Qyclaw is an open-source multi-tenant AI agent task platform designed as a 'platformized agent operating system' with layered architecture for users, sessions, skills, and secure sandboxed tool execution.

Overview

Qyclaw is a platformized intelligent agent task platform (智能体任务平台) targeted at multi-tenant scenarios. It goes beyond simple chat interfaces or black-box agent containers by providing a complete layered "agent operating system" that ensures agents are runnable, isolatable, and auditable.
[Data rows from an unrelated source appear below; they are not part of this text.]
lemma strict_chain_if_infinite_orthogonal:
  assumes "infinite D" and D: "orthogonal_projections AA D"
  shows "\<exists>s. strict_projection_chain AA s"
proof -
  obtain f :: "nat \<Rightarrow> _" where "inj f" "range f \<subseteq> D"
    using infinite_countable_subset[OF \<open>infinite D\<close>] by blast
  then have f: "f n \<in> AA" "projection (f n)" "f n \<noteq> 0" for n
    using D unfolding orthogonal_projections_def by auto
  have orth: "f n * f m = 0" if "n \<noteq> m" for n m
  proof -
    have "f n \<noteq> f m"
      using \<open>inj f\<close> that by (auto dest: injD)
    moreover have "f n \<in> D" "f m \<in> D"
      using \<open>range f \<subseteq> D\<close> by auto
    ultimately show ?thesis
      using D unfolding orthogonal_projections_def pairwise_def by blast
  qed
  define s where "s n = (\<Sum>k\<le>n. f k)" for n
  have sS: "s (Suc n) = s n + f (Suc n)" for n
    by (simp add: s_def)
  have s_orth: "s n * f m = 0" if "n < m" for n m
    unfolding s_def sum_distrib_right using orth that by (intro sum.neutral) auto
  have s: "s n \<in> AA \<and> projection (s n)" for n
  proof (induct n)
    case 0
    then show ?case using f by (simp_all add: s_def)
  next
    case (Suc n)
    then show ?case
      using f[of "Suc n"] s_orth[of n "Suc n"] by (simp_all add: sS add_in projection_add)
  qed
  have "s n * s (Suc n) = s n" "s n \<noteq> s (Suc n)" for n
    using s[of n] s_orth[of n "Suc n"] f(3)[of "Suc n"]
    by (simp_all add: sS distrib_left projection_def)
  with s show ?thesis
    unfolding strict_projection_chain_def by blast
qed

lemma strict_chain_of_complements:
  assumes p: "p \<in> AA" "projection p"
    and s: "\<And>n. s n \<in> AA" "\<And>n. projection (s n)" "\<And>n. s n * p = s n"
    and dec: "\<And>n. s (Suc n) * s n = s (Suc n)" "\<And>n. s (Suc n) \<noteq> s n"
  shows "strict_projection_chain AA (\<lambda>n. p - s n)"
proof -
  have "p * s n = s n" "s n * s (Suc n) = s (Suc n)" for n
    using projection_le_commute[OF s(2) p(2) s(3)] projection_le_commute[OF s(2) s(2) dec(1)]
    by auto
  then have "(p - s n) * (p - s (Suc n)) = p - s n" for n
    using p(2) s(3)[of n] s(3)[of "Suc n"] by (simp add: algebra_simps projection_def)
  moreover have "p - s n \<in> AA" "projection (p - s n)" "p - s n \<noteq> p - s (Suc n)" for n
    using p s(1,2,3) dec(2)[of n] by (simp_all add: diff_in projection_diff)
  ultimately show ?thesis
    unfolding strict_projection_chain_def by blast
qed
The architecture is divided into three layers:

  • Upper layer: Multi-user, multi-session, multi-skill, and multi-connector platform capabilities.
  • Middle layer: Runtime orchestration including queues, scheduling, memory, permissions, and auditing.
  • Lower layer: Containerized tool execution sandbox (applied only to high-risk operations).

Key Features

  • Multi-Tenancy & User System: Built-in user login, session management, permission controls, and admin panel. Supports conversation-level workspaces, skill publishing/review, and user isolation.

  • Layered Memory Model:

    • Long-term user memory (persistent across sessions)
    • Session-private memory
    • Memory candidates and full audit logs for traceability
    • Integration with Hindsight for async retain/recall and low-frequency reflection.
  • Tools, Skills & Connectors:

    • System tools (terminal, web_search, fetch_url, etc.)
    • Skills: Encapsulated behaviors/workflows with draft/publish/group/share/copy features. Scopes include global, group, user, or conversation.
    • MCP Connectors: User-private external integrations (GitHub, Postgres, Notion, custom HTTP) with session-level binding and isolation.
  • Secure Execution: High-risk operations (shell commands, file I/O, skill scripts, Office/PDF handling) run in isolated Docker containers while core state management remains lightweight and recoverable.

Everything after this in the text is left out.